Instructions to follow - Each line of the data below from the one holding "using assms(1) that" to the one holding "k = (of_int", inclusive, is to be reproduced exactly; no other line belongs in the answer.

Information shown -
::::::::::
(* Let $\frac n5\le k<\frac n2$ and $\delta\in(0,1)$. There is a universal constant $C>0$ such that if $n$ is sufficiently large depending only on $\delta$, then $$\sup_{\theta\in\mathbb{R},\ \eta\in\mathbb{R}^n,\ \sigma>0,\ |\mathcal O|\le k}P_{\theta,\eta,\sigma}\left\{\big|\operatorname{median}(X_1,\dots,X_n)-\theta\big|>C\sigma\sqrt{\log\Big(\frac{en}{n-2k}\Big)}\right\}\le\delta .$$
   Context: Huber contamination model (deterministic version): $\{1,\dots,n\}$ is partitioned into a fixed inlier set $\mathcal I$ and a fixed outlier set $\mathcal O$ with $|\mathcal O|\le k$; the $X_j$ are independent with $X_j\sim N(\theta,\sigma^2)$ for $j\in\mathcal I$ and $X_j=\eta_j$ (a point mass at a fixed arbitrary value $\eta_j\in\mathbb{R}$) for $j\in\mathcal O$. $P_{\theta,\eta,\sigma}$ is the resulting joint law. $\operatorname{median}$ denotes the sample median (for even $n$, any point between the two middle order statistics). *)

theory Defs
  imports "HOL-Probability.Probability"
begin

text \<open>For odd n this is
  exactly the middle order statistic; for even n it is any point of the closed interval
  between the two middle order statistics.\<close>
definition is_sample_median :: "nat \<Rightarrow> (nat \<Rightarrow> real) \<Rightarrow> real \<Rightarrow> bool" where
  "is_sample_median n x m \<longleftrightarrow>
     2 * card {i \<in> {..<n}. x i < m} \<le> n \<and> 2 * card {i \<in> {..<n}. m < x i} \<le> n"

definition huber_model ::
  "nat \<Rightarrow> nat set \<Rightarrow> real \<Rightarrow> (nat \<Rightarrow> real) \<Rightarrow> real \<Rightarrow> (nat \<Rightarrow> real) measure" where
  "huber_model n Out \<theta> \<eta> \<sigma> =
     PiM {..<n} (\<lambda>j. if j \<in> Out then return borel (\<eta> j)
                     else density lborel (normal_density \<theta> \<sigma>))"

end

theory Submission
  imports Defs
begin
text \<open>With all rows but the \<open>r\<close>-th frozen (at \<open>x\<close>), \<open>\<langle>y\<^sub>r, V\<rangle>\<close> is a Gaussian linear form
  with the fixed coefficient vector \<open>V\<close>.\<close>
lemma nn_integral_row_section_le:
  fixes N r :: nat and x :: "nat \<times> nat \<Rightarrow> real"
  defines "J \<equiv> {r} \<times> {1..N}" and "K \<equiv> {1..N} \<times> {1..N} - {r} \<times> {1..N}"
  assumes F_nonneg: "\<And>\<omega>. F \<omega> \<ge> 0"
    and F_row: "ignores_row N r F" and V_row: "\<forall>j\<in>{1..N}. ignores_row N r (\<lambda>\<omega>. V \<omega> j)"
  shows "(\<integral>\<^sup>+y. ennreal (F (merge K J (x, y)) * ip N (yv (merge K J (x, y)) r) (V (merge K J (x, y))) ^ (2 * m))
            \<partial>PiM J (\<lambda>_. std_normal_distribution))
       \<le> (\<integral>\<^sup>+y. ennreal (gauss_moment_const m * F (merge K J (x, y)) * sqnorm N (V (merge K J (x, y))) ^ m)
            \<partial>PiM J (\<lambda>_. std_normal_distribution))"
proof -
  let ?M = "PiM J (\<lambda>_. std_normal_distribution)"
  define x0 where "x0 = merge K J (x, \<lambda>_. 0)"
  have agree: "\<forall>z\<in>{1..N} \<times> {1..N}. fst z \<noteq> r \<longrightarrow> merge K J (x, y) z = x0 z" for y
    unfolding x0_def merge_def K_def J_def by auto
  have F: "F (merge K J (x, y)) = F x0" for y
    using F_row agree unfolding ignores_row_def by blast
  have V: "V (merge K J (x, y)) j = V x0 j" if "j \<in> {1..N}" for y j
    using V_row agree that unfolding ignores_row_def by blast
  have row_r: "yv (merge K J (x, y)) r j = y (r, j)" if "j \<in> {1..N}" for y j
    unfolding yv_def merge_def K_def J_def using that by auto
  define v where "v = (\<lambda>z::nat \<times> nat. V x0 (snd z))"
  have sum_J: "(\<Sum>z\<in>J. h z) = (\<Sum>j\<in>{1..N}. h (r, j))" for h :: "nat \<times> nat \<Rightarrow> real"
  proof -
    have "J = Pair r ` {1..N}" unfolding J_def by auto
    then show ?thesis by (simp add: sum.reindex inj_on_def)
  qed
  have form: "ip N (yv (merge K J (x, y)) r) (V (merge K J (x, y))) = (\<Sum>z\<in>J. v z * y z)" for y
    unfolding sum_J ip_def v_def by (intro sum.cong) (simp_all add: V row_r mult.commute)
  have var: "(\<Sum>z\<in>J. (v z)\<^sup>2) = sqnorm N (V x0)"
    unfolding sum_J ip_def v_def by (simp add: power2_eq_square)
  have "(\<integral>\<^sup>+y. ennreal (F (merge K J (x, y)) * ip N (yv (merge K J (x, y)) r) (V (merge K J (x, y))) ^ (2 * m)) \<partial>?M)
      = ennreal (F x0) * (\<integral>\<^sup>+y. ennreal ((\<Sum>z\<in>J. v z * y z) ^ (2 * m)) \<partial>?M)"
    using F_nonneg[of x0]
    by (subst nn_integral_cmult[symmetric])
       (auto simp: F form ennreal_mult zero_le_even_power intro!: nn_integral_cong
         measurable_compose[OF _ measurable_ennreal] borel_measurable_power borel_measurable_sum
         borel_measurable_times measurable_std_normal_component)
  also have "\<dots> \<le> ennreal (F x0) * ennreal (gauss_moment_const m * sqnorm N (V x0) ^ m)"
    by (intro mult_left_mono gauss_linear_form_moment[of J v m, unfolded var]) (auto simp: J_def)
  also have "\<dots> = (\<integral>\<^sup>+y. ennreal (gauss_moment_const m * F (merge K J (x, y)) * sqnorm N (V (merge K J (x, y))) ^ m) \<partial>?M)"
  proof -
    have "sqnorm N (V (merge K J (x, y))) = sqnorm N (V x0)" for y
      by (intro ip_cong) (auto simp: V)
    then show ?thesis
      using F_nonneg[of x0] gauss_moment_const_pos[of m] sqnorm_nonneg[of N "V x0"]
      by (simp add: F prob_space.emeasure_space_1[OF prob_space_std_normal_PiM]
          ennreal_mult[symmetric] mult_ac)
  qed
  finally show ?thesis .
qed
::::::::::
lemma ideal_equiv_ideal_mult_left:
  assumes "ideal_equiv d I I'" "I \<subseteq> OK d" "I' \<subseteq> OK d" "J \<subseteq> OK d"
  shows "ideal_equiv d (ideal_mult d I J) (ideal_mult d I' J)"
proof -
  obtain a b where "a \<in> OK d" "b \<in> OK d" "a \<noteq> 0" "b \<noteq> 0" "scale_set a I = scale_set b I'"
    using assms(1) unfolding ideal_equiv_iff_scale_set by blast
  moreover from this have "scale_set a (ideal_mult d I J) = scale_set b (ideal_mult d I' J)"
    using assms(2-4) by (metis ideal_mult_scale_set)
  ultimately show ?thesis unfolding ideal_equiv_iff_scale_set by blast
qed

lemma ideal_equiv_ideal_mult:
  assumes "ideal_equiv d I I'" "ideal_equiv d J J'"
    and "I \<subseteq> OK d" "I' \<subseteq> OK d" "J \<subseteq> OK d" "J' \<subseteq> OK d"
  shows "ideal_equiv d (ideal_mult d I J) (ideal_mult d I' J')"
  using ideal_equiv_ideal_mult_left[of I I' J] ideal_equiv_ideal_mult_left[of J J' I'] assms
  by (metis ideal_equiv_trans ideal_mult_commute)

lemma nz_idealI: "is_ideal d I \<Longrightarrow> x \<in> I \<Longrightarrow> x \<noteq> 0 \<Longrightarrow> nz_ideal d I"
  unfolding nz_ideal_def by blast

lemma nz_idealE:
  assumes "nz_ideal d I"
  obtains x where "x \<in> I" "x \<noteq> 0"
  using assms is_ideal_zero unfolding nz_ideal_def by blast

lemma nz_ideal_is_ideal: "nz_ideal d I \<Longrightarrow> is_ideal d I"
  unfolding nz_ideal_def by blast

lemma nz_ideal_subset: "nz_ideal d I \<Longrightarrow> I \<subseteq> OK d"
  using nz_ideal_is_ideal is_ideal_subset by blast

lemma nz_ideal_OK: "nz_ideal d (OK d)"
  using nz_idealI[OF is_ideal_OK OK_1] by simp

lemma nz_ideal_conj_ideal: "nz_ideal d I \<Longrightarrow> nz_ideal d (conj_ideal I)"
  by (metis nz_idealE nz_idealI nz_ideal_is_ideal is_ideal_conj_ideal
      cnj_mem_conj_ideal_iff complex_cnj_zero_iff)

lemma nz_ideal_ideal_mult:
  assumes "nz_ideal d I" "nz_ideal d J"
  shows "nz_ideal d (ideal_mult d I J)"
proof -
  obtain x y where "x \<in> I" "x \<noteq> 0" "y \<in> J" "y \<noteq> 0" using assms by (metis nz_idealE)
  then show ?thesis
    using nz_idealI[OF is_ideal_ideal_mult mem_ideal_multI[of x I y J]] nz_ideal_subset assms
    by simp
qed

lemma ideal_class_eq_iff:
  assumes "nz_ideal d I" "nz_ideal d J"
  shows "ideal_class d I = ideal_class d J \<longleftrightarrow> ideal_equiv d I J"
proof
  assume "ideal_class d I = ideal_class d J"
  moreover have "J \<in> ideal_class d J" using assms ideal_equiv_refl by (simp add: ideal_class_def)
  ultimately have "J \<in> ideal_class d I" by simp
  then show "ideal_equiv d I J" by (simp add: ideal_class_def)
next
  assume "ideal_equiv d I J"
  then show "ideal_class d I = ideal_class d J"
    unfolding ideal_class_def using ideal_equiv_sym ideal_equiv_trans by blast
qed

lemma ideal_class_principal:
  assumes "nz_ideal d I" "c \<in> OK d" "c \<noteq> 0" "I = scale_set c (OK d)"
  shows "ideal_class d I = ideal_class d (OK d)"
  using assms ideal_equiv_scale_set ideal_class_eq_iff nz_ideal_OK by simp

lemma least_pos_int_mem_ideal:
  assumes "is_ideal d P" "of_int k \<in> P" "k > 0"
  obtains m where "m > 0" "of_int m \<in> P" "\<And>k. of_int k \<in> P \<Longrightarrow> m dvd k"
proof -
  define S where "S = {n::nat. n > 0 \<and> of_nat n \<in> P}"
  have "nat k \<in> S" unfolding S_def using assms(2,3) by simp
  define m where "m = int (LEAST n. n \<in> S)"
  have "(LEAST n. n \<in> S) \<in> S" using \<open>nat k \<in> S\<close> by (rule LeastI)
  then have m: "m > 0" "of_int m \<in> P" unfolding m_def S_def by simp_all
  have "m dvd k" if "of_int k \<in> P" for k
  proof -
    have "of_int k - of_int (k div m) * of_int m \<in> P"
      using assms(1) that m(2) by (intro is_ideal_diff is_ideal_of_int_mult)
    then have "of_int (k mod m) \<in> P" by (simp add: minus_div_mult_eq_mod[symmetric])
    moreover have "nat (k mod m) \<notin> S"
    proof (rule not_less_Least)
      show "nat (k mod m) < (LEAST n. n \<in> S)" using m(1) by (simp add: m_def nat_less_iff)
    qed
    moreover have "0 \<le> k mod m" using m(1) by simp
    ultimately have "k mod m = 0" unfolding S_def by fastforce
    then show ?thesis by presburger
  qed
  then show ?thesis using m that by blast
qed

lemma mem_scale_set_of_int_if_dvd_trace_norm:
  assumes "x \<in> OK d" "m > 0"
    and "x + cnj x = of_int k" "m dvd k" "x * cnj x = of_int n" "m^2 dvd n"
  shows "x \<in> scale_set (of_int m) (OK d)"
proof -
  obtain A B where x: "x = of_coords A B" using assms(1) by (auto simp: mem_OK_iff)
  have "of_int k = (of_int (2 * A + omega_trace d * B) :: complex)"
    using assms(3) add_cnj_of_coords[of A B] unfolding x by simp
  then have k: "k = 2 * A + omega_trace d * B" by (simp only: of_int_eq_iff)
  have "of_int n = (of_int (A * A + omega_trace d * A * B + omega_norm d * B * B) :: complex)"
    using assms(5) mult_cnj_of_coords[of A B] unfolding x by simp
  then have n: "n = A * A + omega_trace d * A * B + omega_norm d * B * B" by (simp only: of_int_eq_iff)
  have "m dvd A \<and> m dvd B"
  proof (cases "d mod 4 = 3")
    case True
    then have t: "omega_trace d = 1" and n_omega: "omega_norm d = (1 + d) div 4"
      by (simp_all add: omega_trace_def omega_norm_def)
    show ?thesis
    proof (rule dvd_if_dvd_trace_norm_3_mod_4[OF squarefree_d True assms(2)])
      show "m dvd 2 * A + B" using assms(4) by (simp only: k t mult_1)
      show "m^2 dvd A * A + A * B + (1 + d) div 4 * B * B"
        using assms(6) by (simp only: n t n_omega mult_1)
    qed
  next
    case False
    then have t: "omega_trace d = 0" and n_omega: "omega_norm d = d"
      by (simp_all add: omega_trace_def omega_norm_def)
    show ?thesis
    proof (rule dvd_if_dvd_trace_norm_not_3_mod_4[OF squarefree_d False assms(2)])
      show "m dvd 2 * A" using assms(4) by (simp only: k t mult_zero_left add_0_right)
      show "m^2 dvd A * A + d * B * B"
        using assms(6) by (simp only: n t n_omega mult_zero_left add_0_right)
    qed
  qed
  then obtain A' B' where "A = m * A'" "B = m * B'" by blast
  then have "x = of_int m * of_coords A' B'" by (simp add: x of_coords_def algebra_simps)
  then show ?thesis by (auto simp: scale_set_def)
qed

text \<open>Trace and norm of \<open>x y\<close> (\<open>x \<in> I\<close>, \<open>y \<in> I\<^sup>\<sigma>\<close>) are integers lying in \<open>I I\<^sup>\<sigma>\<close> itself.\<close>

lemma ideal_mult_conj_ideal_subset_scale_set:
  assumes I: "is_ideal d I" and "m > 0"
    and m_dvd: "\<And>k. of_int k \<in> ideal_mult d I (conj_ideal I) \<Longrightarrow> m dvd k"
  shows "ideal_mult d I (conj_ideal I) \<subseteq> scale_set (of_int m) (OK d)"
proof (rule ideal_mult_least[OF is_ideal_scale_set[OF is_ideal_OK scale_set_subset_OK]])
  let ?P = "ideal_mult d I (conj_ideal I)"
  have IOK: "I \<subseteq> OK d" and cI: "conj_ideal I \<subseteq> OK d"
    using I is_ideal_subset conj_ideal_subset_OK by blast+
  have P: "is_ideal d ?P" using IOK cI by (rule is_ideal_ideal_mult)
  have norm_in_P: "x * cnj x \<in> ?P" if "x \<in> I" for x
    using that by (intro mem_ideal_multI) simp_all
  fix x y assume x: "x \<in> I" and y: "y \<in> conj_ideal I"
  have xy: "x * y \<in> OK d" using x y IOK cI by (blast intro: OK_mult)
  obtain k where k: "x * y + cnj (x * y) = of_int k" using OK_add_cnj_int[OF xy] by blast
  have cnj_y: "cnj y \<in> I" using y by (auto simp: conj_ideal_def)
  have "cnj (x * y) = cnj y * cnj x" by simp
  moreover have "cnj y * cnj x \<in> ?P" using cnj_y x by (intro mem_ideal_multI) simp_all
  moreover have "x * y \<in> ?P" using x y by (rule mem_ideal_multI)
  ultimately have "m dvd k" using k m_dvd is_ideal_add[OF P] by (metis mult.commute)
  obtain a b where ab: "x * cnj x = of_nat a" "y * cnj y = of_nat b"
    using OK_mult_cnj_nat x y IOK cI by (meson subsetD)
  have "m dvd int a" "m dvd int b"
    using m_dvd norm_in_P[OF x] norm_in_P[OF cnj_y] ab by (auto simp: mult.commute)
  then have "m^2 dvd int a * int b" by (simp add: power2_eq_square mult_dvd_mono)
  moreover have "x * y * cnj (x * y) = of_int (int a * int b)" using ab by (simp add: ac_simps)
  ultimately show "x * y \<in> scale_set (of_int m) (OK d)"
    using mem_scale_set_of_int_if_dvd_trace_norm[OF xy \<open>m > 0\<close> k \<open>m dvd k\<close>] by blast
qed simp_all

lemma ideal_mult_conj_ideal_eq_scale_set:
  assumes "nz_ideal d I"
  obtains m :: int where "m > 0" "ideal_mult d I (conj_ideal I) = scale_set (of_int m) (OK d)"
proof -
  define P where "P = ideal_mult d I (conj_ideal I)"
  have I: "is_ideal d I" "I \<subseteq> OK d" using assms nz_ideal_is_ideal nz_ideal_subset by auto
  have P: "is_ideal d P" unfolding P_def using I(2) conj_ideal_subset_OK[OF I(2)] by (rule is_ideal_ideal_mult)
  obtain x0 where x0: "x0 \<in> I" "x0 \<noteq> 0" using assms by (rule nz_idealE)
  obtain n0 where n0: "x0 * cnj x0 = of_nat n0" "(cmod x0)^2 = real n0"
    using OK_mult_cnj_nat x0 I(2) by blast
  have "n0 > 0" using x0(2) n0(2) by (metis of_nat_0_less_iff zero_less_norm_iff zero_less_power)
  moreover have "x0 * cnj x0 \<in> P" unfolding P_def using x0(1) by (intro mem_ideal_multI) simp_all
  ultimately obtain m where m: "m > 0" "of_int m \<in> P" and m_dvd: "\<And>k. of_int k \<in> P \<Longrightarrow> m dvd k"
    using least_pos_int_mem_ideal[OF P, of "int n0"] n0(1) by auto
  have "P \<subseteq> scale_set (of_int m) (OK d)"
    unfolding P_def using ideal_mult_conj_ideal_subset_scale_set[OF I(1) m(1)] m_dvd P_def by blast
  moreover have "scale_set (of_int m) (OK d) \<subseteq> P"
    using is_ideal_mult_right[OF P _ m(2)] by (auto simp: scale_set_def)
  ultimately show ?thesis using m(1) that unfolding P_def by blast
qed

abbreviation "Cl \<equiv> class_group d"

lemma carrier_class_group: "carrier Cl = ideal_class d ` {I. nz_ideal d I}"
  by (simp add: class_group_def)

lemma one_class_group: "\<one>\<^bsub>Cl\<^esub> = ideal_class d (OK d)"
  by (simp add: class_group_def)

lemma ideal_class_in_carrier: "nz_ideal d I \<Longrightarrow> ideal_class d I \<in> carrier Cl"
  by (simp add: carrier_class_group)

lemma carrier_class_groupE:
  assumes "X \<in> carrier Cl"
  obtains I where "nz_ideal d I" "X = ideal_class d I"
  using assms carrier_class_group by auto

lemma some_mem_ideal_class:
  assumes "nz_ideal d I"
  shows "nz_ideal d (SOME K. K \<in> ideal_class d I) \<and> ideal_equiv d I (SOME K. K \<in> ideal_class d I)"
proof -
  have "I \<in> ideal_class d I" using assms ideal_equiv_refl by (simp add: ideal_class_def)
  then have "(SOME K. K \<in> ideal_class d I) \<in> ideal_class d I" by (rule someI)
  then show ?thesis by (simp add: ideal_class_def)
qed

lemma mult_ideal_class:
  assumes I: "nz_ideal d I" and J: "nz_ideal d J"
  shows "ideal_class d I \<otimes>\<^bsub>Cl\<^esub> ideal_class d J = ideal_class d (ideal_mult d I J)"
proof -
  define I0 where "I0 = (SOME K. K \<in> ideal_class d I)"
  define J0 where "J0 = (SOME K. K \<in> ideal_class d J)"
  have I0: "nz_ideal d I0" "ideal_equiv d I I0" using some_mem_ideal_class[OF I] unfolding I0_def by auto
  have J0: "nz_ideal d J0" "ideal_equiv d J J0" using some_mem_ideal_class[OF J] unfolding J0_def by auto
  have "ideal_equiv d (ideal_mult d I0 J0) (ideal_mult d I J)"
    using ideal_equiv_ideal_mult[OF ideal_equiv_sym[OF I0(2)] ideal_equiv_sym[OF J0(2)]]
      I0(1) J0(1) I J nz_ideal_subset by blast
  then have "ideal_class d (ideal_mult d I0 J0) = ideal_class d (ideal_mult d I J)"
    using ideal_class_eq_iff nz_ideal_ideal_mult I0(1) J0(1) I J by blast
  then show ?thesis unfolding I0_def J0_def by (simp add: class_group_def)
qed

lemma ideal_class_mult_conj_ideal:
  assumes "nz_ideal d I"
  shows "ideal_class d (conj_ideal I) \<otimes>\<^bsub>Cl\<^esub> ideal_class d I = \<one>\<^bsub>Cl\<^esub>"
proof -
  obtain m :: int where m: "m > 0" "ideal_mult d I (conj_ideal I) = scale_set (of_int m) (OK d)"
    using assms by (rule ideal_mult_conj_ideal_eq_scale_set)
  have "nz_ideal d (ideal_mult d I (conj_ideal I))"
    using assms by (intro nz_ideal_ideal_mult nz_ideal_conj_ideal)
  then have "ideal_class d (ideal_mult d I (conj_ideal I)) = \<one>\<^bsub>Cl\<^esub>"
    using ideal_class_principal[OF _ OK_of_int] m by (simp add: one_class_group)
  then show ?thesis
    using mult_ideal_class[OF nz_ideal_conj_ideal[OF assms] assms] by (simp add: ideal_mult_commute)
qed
::::::::::
Solved problem -
      using assms(1) that m(2) by (intro is_ideal_diff is_ideal_of_int_mult)
    then have "of_int (k mod m) \<in> P" by (simp add: minus_div_mult_eq_mod[symmetric])
    moreover have "nat (k mod m) \<notin> S"
    proof (rule not_less_Least)
      show "nat (k mod m) < (LEAST n. n \<in> S)" using m(1) by (simp add: m_def nat_less_iff)
    qed
    moreover have "0 \<le> k mod m" using m(1) by simp
    ultimately have "k mod m = 0" unfolding S_def by fastforce
    then show ?thesis by presburger
  qed
  then show ?thesis using m that by blast
qed

lemma mem_scale_set_of_int_if_dvd_trace_norm:
  assumes "x \<in> OK d" "m > 0"
    and "x + cnj x = of_int k" "m dvd k" "x * cnj x = of_int n" "m^2 dvd n"
  shows "x \<in> scale_set (of_int m) (OK d)"
proof -
  obtain A B where x: "x = of_coords A B" using assms(1) by (auto simp: mem_OK_iff)
  have "of_int k = (of_int (2 * A + omega_trace d * B) :: complex)"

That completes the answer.